ALMA (ESO/NAOJ/NRAO), Y. Cheng et al.; NRAO/AUI/NSF, S. Dagnello; NASA/ESA Hubble

Star cluster G286.21+0.17, a place of active star birth, might not have a lovely name, but it's sure beautiful in the eyes of telescopes.

The Atacama Large Millimeter/submillimeter Array (ALMA) radio telescope in Chile teamed up with the Hubble Space Telescope to create a mosaic of the star cluster that makes it look like a cosmic fireworks show full of purple streamers and sizzling stars.

The view of G286.21+0.17 gives us a glimpse of what the birthplace of our own sun might have looked like. "These clusters are the building blocks of galaxies, but their formation from dense molecular clouds is still largely a mystery," the National Radio Astronomy Observatory (NRAO) said in a release on Thursday.

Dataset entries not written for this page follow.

(* Let $\ell,m,n$ be positive integers with $\ell<n$, $m<n$, $\gcd(m,n)=1$, let $\mathcal{S}=\mathcal{F}[\ell,m,n]$, and let $k\in\mathbb{Z}^+$ and $\chi\in\mathbb{Z}$ with $|\chi|<k$. Then, as words, $$\mathcal{G}^+[k,\chi]=\begin{cases}\mathcal{S}^{k+\chi}\,\hat{\mathcal{X}}\,\big(\mathcal{S}^{\overline0}\big)^{-\chi}, & \chi=-k+1,\dots,-1,\\ \big(\mathcal{S}^{\overline{\ell d}}\big)^{\chi}\,\mathcal{S}^{k-\chi}\,\hat{\mathcal{X}}, & \chi=0,\dots,k-1,\end{cases}$$ $$\mathcal{G}^-[k,\chi]=\begin{cases}\mathcal{S}\,\big(\mathcal{S}^{\overline0}\big)^{-\chi}\,\hat{\mathcal{Y}}\,\mathcal{S}^{k+\chi-1}, & \chi=-k+1,\dots,0,\\ \mathcal{S}^{\overline{\ell d}}\,\hat{\mathcal{Y}}\,\mathcal{S}^{k-\chi}\,\big(\mathcal{S}^{\overline{\ell d}}\big)^{\chi-1}, & \chi=1,\dots,k-1.\end{cases}$$
   Context: For positive integers $\ell<n$, $m<n$, $\gcd(m,n)=1$, $\mathcal{F}[\ell,m,n]$ is the $n$-periodic sequence with $\mathcal{F}[\ell,m,n]_i=L$ if $im\bmod n<\ell$ and $R$ otherwise, identified with the word $\mathcal{F}_0\cdots\mathcal{F}_{n-1}$. $d\in\{1,\dots,n-1\}$ is the inverse of $m$ mod $n$. Words over $\{L,R\}$: juxtaposition is concatenation, $\mathcal{W}^p$ is the concatenation of $p$ copies ($\mathcal{W}^0$ empty). $\mathcal{S}^{\overline j}$ is the word (length $n$) differing from $\mathcal{S}$ exactly at index $j\bmod n$. $\hat{\mathcal{X}}=\mathcal{S}_0\cdots\mathcal{S}_{n-d-1}$ and $\hat{\mathcal{Y}}=\mathcal{S}_{n-d}\cdots\mathcal{S}_{n-1}$. The left and right Farey roots of $\frac mn$ are the fractions $\frac{m^-}{n^-}<\frac{m^+}{n^+}$ with $m^\pm\ge0$, $n^\pm\ge1$, $m^-+m^+=m$, $n^-+n^+=n$, $m^+n^--m^-n^+=1$. Put $\ell^+=\lceil\ell n^+/n\rceil$, $\ell^-=\lfloor\ell n^-/n\rfloor$, $\ell_k^\pm=k\ell+\ell^\pm$, $m_k^\pm=km+m^\pm$, $n_k^\pm=kn+n^\pm$, and $\mathcal{G}^\pm[k,\chi]=\mathcal{F}[\ell_k^\pm+\chi,m_k^\pm,n_k^\pm]$, identified with its word of length $n_k^\pm$. *)

theory Defs
  imports Complex_Main
begin

datatype LR = L | R

fun flipLR :: "LR \<Rightarrow> LR" where
  "flipLR L = R" | "flipLR R = L"

definition Fword :: "int \<Rightarrow> nat \<Rightarrow> nat \<Rightarrow> LR list" where
  "Fword l m n = map (\<lambda>i. if int ((i * m) mod n) < l then L else R) [0..<n]"

definition wpow :: "'a list \<Rightarrow> nat \<Rightarrow> 'a list" where
  "wpow W p = concat (replicate p W)"

text \<open>S with overline j: the word differing from S exactly at index j mod n.\<close>
definition flip_at :: "LR list \<Rightarrow> nat \<Rightarrow> LR list" where
  "flip_at S j = S[j mod length S := flipLR (S ! (j mod length S))]"

end

theory Submission
  imports Defs
begin

(*
  Put N = k n + n\<^sup>\<plusminus> and M = k m + m\<^sup>\<plusminus> for the parameters of G\<^sup>\<plusminus>[k, \<chi>]. The Farey-root
  relation gives n M - N m = \<plusminus>1, hence n (i M mod N) = N q \<plusminus> i with q \<equiv> i m (mod n), q taken
  in [0, n) resp. (0, n]. So the i-th letter of G\<^sup>\<plusminus> is the letter of S at the residue q, unless
  q is adjacent to l; there the small term \<plusminus>i + \<chi> n decides, and the letters it changes are
  exactly the flipped letters of the blocks S with overline 0 resp. overline l d on the
  right-hand sides.
*)

lemma length_wpow [simp]: "length (wpow W p) = p * length W"
  by (induction p) (auto simp: wpow_def)

lemma length_Fword [simp]: "length (Fword l m n) = n"
  by (simp add: Fword_def)

lemma length_flip_at [simp]: "length (flip_at W j) = length W"
  by (simp add: flip_at_def)

lemma nth_wpow: "i < p * length W \<Longrightarrow> wpow W p ! i = W ! (i mod length W)"
proof (induction p arbitrary: i)
  case (Suc p)
  have "wpow W (Suc p) = W @ wpow W p" by (simp add: wpow_def)
  with Suc show ?case
    by (auto simp: nth_append le_mod_geq not_less)
qed simp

"This illustrates how dynamic and chaotic the process of star birth is," said theoretical astrophysicist Jonathan Tan of Chalmers University in Sweden and the University of Virginia. "We see competing forces in action: gravity and turbulence from the cloud on one side, and stellar winds and radiation pressure from the young stars on the other." Tan is a co-author of a paper on the cluster published on Wednesday in The Astrophysical Journal.

The colorful image is a composite of 750 ALMA radio observations and nine Hubble infrared images. ALMA's eyes are responsible for the purple, which highlights the cluster's molecular clouds, and Hubble provides the view of the glittering stars and dust glowing in shades of red and yellow.

Humans on Earth are pretty talented when it comes to making fireworks, but it's hard to top the kaleidoscopic wonders of the cosmos.